Opened in 1986, a year before the Sheraton Mirage (now the Sheraton Grand Mirage Resort) welcomed its first guests, both properties were the brainchild of entrepreneur Christopher Skase, who envisioned Port Douglas as a mecca for tourism.

In a fashion which typified Skase’s ability to get things done, it did not take long before some of the world’s top golfers converged on the country club.

In 1988, the club staged the world’s richest Skins game with prizes worth $2.2 million. Eighteen-time major championship winner Jack Nicklaus, dual US Open champion Curtis Strange and two-time British Open winner Greg Norman won the bulk of the cash.

In the same year and played on November 18-20, the country club was the venue for a Golf Test between Australia, captained by Norman, and a UK team, led by Sandy Lyle. The event received international TV coverage.  

The make-up of the two teams were: Australia: Norman, David Graham, Rodger Davis, Craig Parry, Steve Elkington and Peter Senior. UK: Lyle, Mark James, Ian Woosnam, Howard Clark, Gordon Brand Jr. and Ronan Rafferty.

Today, 33 years after he co-designed the track with the late and five-time British Open winner Peter Thomson, Michael Wolveridge is not shy to say the course needs work to get it back to where it was in its halcyon days.

Wolveridge, who was involved in the design of more than 200 courses in 23 countries, is still a busy man as he works closely with the club’s Golf Superintendent Alec Ross, in a three-year project which involves re-designing all 18 greens.

The club’s General Manager, Geoff Peard, said the plan is to upgrade six greens per year.

“Work began in February this year and during this period, we built two extra greens on each nine. We’ve done this to ensure there is no interruption to play and our guests do not have to play on temporary greens,” he said.

Although this is a significant financial undertaking, Peard said a large portion of the work is being done in-house and this is assisting in considerable savings.

“What’s important is that those who play the course or visit the Country Club can see there is a lot happening. This is already reaping benefits and we picked up more than 40 new members from the recently-closed Paradise Palms, near Palm Cove,” said Peard.

Wolveridge, meanwhile, is thrilled to see the golf course being reinvigorated. And he still likes to remind everyone that it was Skase who made this possible.

“Christopher was a great bloke, he did great things and was the hero of the moment,” he says.

Skase, who died in 2001, was an Australian businessman who later became one of this country's most wanted fugitives, after his business empire crashed spectacularly and he fled to Majorca, Spain.

Besides owning five resorts and other business interests, he was well known for his displays of wealth: a lavish 40th birthday party in 1988, and a company Christmas party that cost $450,000.
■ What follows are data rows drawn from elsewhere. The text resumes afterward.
text \<open>States x = (x_{-L},...,x_0) are represented as functions int => real;
  only the coordinates -L..0 are meaningful.\<close>
definition theta_plus :: "real \<Rightarrow> nat \<Rightarrow> (int \<Rightarrow> real) \<Rightarrow> (int \<Rightarrow> real)" where
  "theta_plus \<tau> N x = (\<lambda>j. if j < 0 then x (j + 1)
       else if j = 0 then x 0 * (1 + 1 / real N) else 0)"

definition theta_minus :: "real \<Rightarrow> nat \<Rightarrow> (int \<Rightarrow> real) \<Rightarrow> (int \<Rightarrow> real)" where
  "theta_minus \<tau> N x = (\<lambda>j. if j < 0 then x (j + 1)
       else if j = 0 then max (x 0 * (1 - x (- int (LL \<tau> N)) / (real N)\<^sup>2)) 0 else 0)"

primrec xi :: "real \<Rightarrow> real \<Rightarrow> nat \<Rightarrow> (nat \<Rightarrow> bool) \<Rightarrow> nat \<Rightarrow> (int \<Rightarrow> real)" where
  "xi \<tau> \<mu> N c 0 = (\<lambda>j. if - int (LL \<tau> N) \<le> j \<and> j \<le> 0 then \<mu> * real N else 0)"
| "xi \<tau> \<mu> N c (Suc n) = (if c n then theta_plus \<tau> N (xi \<tau> \<mu> N c n)
                                   else theta_minus \<tau> N (xi \<tau> \<mu> N c n))"

text \<open>Jump times J_n = sigma_1 + ... + sigma_n, where sigma_k is s (k-1).\<close>
definition jump :: "(nat \<Rightarrow> real) \<Rightarrow> nat \<Rightarrow> real" where
  "jump s n = (\<Sum>k<n. s k)"

definition XX :: "real \<Rightarrow> real \<Rightarrow> nat \<Rightarrow> (nat \<Rightarrow> bool) \<times> (nat \<Rightarrow> real) \<Rightarrow> real \<Rightarrow> (int \<Rightarrow> real)" where
  "XX \<tau> \<mu> N \<omega> t = xi \<tau> \<mu> N (fst \<omega>)
      (THE n. jump (snd \<omega>) n \<le> t \<and> t < jump (snd \<omega>) (Suc n))"

definition ZZ :: "real \<Rightarrow> real \<Rightarrow> nat \<Rightarrow> real \<Rightarrow> (nat \<Rightarrow> bool) \<times> (nat \<Rightarrow> real) \<Rightarrow> real" where
  "ZZ \<tau> \<mu> N t \<omega> = XX \<tau> \<mu> N \<omega> (real N * t) (- int (LL \<tau> N)) / real N"

definition Pspace :: "((nat \<Rightarrow> bool) \<times> (nat \<Rightarrow> real)) measure" where
  "Pspace = (\<Pi>\<^sub>M i\<in>UNIV. measure_pmf (bernoulli_pmf (1/2)))
            \<Otimes>\<^sub>M (\<Pi>\<^sub>M i\<in>UNIV. density lborel (exponential_density 1))"

end

theory Submission
  imports Defs
begin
In one particular incident, he had his private jet fly from Port Douglas to Melbourne to pick up a dress for his wife, Pixie.
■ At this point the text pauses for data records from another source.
definition J_fun :: "nat \<Rightarrow> (real \<Rightarrow> real) \<Rightarrow> (real \<Rightarrow> real) \<Rightarrow> real \<Rightarrow> real \<Rightarrow> real" where
  "J_fun n A \<phi> r s = (if s = 0 then 0 else s * B_inv n A (r * \<phi> s / s ^ n))"

definition J_inv :: "nat \<Rightarrow> (real \<Rightarrow> real) \<Rightarrow> (real \<Rightarrow> real) \<Rightarrow> real \<Rightarrow> real \<Rightarrow> real" where
  "J_inv n A \<phi> r = the_inv_into {0..} (J_fun n A \<phi> r)"

end

theory Submission
  imports Defs
begin

text \<open>
  All claims about \<open>J\<^sub>r\<close> follow from four properties of \<open>B\<close>: it is a real function \<open>b\<close>
  with \<open>b(0) = 0\<close>, continuous on \<open>(0, \<infinity>)\<close>, such that \<open>b(t)/t\<^sup>n\<close> is strictly increasing
  and tends to \<open>0\<close> as \<open>t \<rightarrow> 0\<^sup>+\<close>. Then \<open>b\<close> is a bijection of \<open>[0, \<infinity>)\<close>, and
  \<open>J\<^sub>r(s) = s x\<close> with \<open>b(x) = r \<phi>(s)/s\<^sup>n\<close> satisfies \<open>r \<phi>(s) = (b(x)/x\<^sup>n) J\<^sub>r(s)\<^sup>n\<close>.
  Monotonicity of \<open>\<phi>\<close> and of \<open>b(x)/x\<^sup>n\<close> turn this identity into strict monotonicity of
  \<open>J\<^sub>r\<close>, the intermediate value theorem gives surjectivity, and if
  \<open>\<sigma> = J\<^sub>r\<^sup>-\<^sup>1(st) > t\<close> then \<open>x = st/\<sigma> < s\<close>, whence \<open>r \<phi>(\<sigma>) \<le> (b(s)/s\<^sup>n) (st)\<^sup>n\<close>.

  For \<open>n = 1\<close> we have \<open>B = A\<close>, and the properties follow from convexity and (C3).
  For \<open>n \<ge> 2\<close>, \<open>B\<close> is the conjugate of \<open>E(\<tau>) = \<tau>\<^sup>n\<^sup>' F(\<tau>)\<close>, where
  \<open>F(\<tau>) = \<integral>\<^sub>\<tau>\<^sup>\<infinity> A_conj(s) s\<^sup>-\<^sup>1\<^sup>-\<^sup>n\<^sup>' ds\<close> and \<open>A_conj\<close> is the conjugate of \<open>A\<close>.
  Layer-cake estimates in terms of the sublevel sets of \<open>A(t)/t\<close> show that \<open>F\<close> is finite
  by (C1) and unbounded near \<open>0\<close> by (C3). Then \<open>B\<close> is finite, \<open>b(t)/t\<^sup>n \<rightarrow> 0\<close> because
  \<open>F\<close> is unbounded, and the strict decrease of \<open>F\<close> makes \<open>b(t)/t\<^sup>n\<close> strictly increasing.
\<close>

section \<open>Convex functions and power integrals\<close>

lemma convex_on_quotient_mono:
  fixes f :: "real \<Rightarrow> real"
  assumes f: "convex_on {0..} f" "f 0 = 0" and xy: "0 < x" "x \<le> y"
  shows "f x / x \<le> f y / y"
proof -
  have "f ((1 - x / y) *\<^sub>R 0 + (x / y) *\<^sub>R y) \<le> (1 - x / y) * f 0 + (x / y) * f y"
    using xy by (intro convex_onD[OF f(1)]) auto
  then have "f x \<le> x / y * f y" using f(2) xy by simp
  then show ?thesis using xy by (simp add: field_simps)
qed

text \<open>Equality \<open>f x / x = f y / y\<close> for \<open>x < y\<close> would force \<open>f\<close> to be linear on \<open>[0, y]\<close>,
  contradicting \<open>f t / t \<rightarrow> 0\<close>.\<close>
lemma convex_on_quotient_strict_mono:
  fixes f :: "real \<Rightarrow> real"
  assumes f: "convex_on {0..} f" "f 0 = 0" and f_pos: "\<And>t. t > 0 \<Longrightarrow> f t > 0"
    and lim: "((\<lambda>t. f t / t) \<longlongrightarrow> 0) (at_right 0)" and xy: "0 < x" "x < y"
  shows "f x / x < f y / y"
proof (rule ccontr)
  assume not_less: "\<not> f x / x < f y / y"
  define k where "k = f x / x"
  have k: "k > 0" using f_pos[OF xy(1)] xy by (simp add: k_def)
  have fx: "f x = k * x" using xy by (simp add: k_def)
  have fy: "f y = k * y"
    using not_less convex_on_quotient_mono[OF f xy(1) less_imp_le[OF xy(2)]] xy
    by (simp add: k_def field_simps)
  have lower: "k \<le> f z / z" if z: "0 < z" "z < x" for z
  proof -
    define \<theta> where "\<theta> = (y - x) / (y - z)"
    have \<theta>: "0 < \<theta>" "\<theta> \<le> 1" using z xy by (auto simp: \<theta>_def)
    have "\<theta> * (y - z) = y - x" using z xy by (simp add: \<theta>_def)
    then have eq: "(1 - \<theta>) *\<^sub>R y + \<theta> *\<^sub>R z = x" by (simp add: algebra_simps)
    have "f ((1 - \<theta>) *\<^sub>R y + \<theta> *\<^sub>R z) \<le> (1 - \<theta>) * f y + \<theta> * f z"
      using \<theta> z xy by (intro convex_onD[OF f(1)]) auto
    then have "k * x \<le> (1 - \<theta>) * (k * y) + \<theta> * f z" unfolding eq fx fy .
    moreover have "k * (\<theta> * (y - z)) = k * (y - x)" using \<open>\<theta> * (y - z) = y - x\<close> by simp
    ultimately have "\<theta> * (k * z) \<le> \<theta> * f z" by (simp add: algebra_simps)
    then show ?thesis using z \<theta> by (simp add: field_simps)
  qed
  have "k \<le> 0"
  proof (rule tendsto_lowerbound[OF lim])
    show "\<forall>\<^sub>F z in at_right 0. k \<le> f z / z"
      unfolding eventually_at_right_field using xy lower by blast
  qed simp
  with k show False by simp
qed

lemma emeasure_lborel_Ici: "emeasure lborel {a::real..} = \<infinity>"
proof (rule ccontr)
  assume "emeasure lborel {a..} \<noteq> \<infinity>"
  then obtain x where x: "emeasure lborel {a..} = ennreal x" "x \<ge> 0"
    by (cases "emeasure lborel {a..}" rule: ennreal_cases) auto
  have "ennreal (x + 1) = emeasure lborel {a..a + x + 1}"
    using x by simp
  also have "\<dots> \<le> emeasure lborel {a..}"
    by (intro emeasure_mono) auto
  finally have "x + 1 \<le> x" using x by simp
  then show False by simp
qed

lemma nn_integral_powr_Ici:
  fixes a p :: real
  assumes "a > 0" "p > 0"
  shows "(\<integral>\<^sup>+u. indicator {a..} u * ennreal (u powr (-1 - p)) \<partial>lborel) = ennreal (a powr (-p) / p)"
proof -
  have "((\<lambda>x. x powr (-1 - p)) has_integral a powr (-p) / p) {a..}"
    using has_integral_powr_to_inf[of "-1 - p" a] assms by simp
  then have "(\<integral>\<^sup>+u. ennreal (indicator {a..} u * u powr (-1 - p)) \<partial>lborel) = ennreal (a powr (-p) / p)"
    by (rule nn_integral_has_integral_lebesgue[rotated]) simp
  then show ?thesis by (simp add: indicator_mult_ennreal mult.commute)
qed

lemma nn_integral_powr_Ioi:
  fixes a p :: real
  assumes "a > 0" "p > 0"
  shows "(\<integral>\<^sup>+u. indicator {a<..} u * ennreal (u powr (-1 - p)) \<partial>lborel) = ennreal (a powr (-p) / p)"
proof -
  have "(\<integral>\<^sup>+u. indicator {a<..} u * ennreal (u powr (-1 - p)) \<partial>lborel) =
        (\<integral>\<^sup>+u. indicator {a..} u * ennreal (u powr (-1 - p)) \<partial>lborel)"
    by (intro nn_integral_cong_AE eventually_mono[OF AE_lborel_singleton[of a]])
      (auto simp: indicator_def)
  then show ?thesis using nn_integral_powr_Ici[OF assms] by simp
qed

lemma measurable_emeasure_sublevel[measurable]:
  fixes g :: "real \<Rightarrow> real"
  assumes [measurable]: "T \<in> sets borel" "g \<in> borel_measurable borel"
  shows "(\<lambda>u. emeasure lborel {t\<in>T. g t \<le> u}) \<in> borel_measurable borel"
proof -
  have "{x \<in> space (lborel \<Otimes>\<^sub>M lborel). snd x \<in> T \<and> g (snd x) \<le> fst (x::real \<times> real)}
      \<in> sets (lborel \<Otimes>\<^sub>M lborel)"
    by measurable
  then have "{(u, t). t \<in> T \<and> g t \<le> u} \<in> sets (lborel \<Otimes>\<^sub>M lborel)"
    by (simp add: case_prod_beta' space_pair_measure Collect_conj_eq)
  from lborel.measurable_emeasure_Pair[OF this] show ?thesis
    by (simp add: vimage_def)
qed

text \<open>Layer-cake formula for the measure \<open>u\<^sup>-\<^sup>1\<^sup>-\<^sup>p du\<close> on \<open>(0, \<infinity>)\<close>.\<close>
lemma nn_integral_powr_emeasure_sublevel:
  fixes g :: "real \<Rightarrow> real"
  assumes [measurable]: "T \<in> sets borel" "g \<in> borel_measurable borel"
    and g_pos: "\<And>t. t \<in> T \<Longrightarrow> g t > 0" and p: "p > 0"
  shows "(\<integral>\<^sup>+u. indicator {0<..} u * ennreal (u powr (-1 - p)) * emeasure lborel {t\<in>T. g t \<le> u} \<partial>lborel)
       = (\<integral>\<^sup>+t. indicator T t * ennreal (g t powr (-p) / p) \<partial>lborel)"
proof -
  have [measurable]: "{t\<in>T. g t \<le> u} \<in> sets lborel" for u by measurable
  have "(\<integral>\<^sup>+u. indicator {0<..} u * ennreal (u powr (-1 - p)) * emeasure lborel {t\<in>T. g t \<le> u} \<partial>lborel)
      = (\<integral>\<^sup>+u. (\<integral>\<^sup>+t. indicator {0<..} u * ennreal (u powr (-1 - p)) * indicator {t\<in>T. g t \<le> u} t \<partial>lborel) \<partial>lborel)"
    by (intro nn_integral_cong) (simp add: nn_integral_cmult)
  also have "\<dots> = (\<integral>\<^sup>+t. (\<integral>\<^sup>+u. indicator {0<..} u * ennreal (u powr (-1 - p)) * indicator {t\<in>T. g t \<le> u} t \<partial>lborel) \<partial>lborel)"
    by (rule lborel_pair.Fubini') measurable
  also have "\<dots> = (\<integral>\<^sup>+t. indicator T t * ennreal (g t powr (-p) / p) \<partial>lborel)"
  proof (intro nn_integral_cong)
    fix t :: real
    show "(\<integral>\<^sup>+u. indicator {0<..} u * ennreal (u powr (-1 - p)) * indicator {t\<in>T. g t \<le> u} t \<partial>lborel)
        = indicator T t * ennreal (g t powr (-p) / p)"
    proof (cases "t \<in> T")
      case True
      have "(\<integral>\<^sup>+u. indicator {0<..} u * ennreal (u powr (-1 - p)) * indicator {t\<in>T. g t \<le> u} t \<partial>lborel)
          = (\<integral>\<^sup>+u. indicator {g t..} u * ennreal (u powr (-1 - p)) \<partial>lborel)"
        using True g_pos[OF True] by (intro nn_integral_cong) (auto simp: indicator_def)
      also have "\<dots> = ennreal (g t powr (-p) / p)" by (rule nn_integral_powr_Ici[OF g_pos[OF True] p])
      finally show ?thesis using True by simp
    qed simp
  qed
  finally show ?thesis .
qed

section \<open>The functions \<open>J\<^sub>r\<close> for a regular \<open>B\<close>\<close>

locale B_regular =
  fixes n :: nat and A b :: "real \<Rightarrow> real"
  assumes n_pos: "n \<ge> 1"
    and B_eq: "\<And>t. t \<ge> 0 \<Longrightarrow> B_fun n A t = ereal (b t)"
    and b_0: "b 0 = 0"
    and b_cont: "continuous_on {0<..} b"
    and quotient_strict_mono: "strict_mono_on {0<..} (\<lambda>t. b t / t ^ n)"
    and quotient_tendsto_0: "((\<lambda>t. b t / t ^ n) \<longlongrightarrow> 0) (at_right 0)"
begin

lemma quotient_less: "0 < x \<Longrightarrow> x < y \<Longrightarrow> b x / x ^ n < b y / y ^ n"
  using quotient_strict_mono by (auto simp: strict_mono_on_def)

lemma quotient_le: "0 < x \<Longrightarrow> x \<le> y \<Longrightarrow> b x / x ^ n \<le> b y / y ^ n"
  using quotient_less by (cases "x = y") (auto intro: less_imp_le)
For a golf course once dominated by the flamboyant and visited by the rich and famous – Bill Clinton was at the course on the eve of 9/11 – you can expect once all the dirt has been removed, its new-look will be appropriately displayed.

“It’s a ways off, but yes we’ll launch the new greens in 2022 which will be the re-emergence of the course,” said Peard.

You do have to wonder, if Skase was still with us, how he would showcase the changes.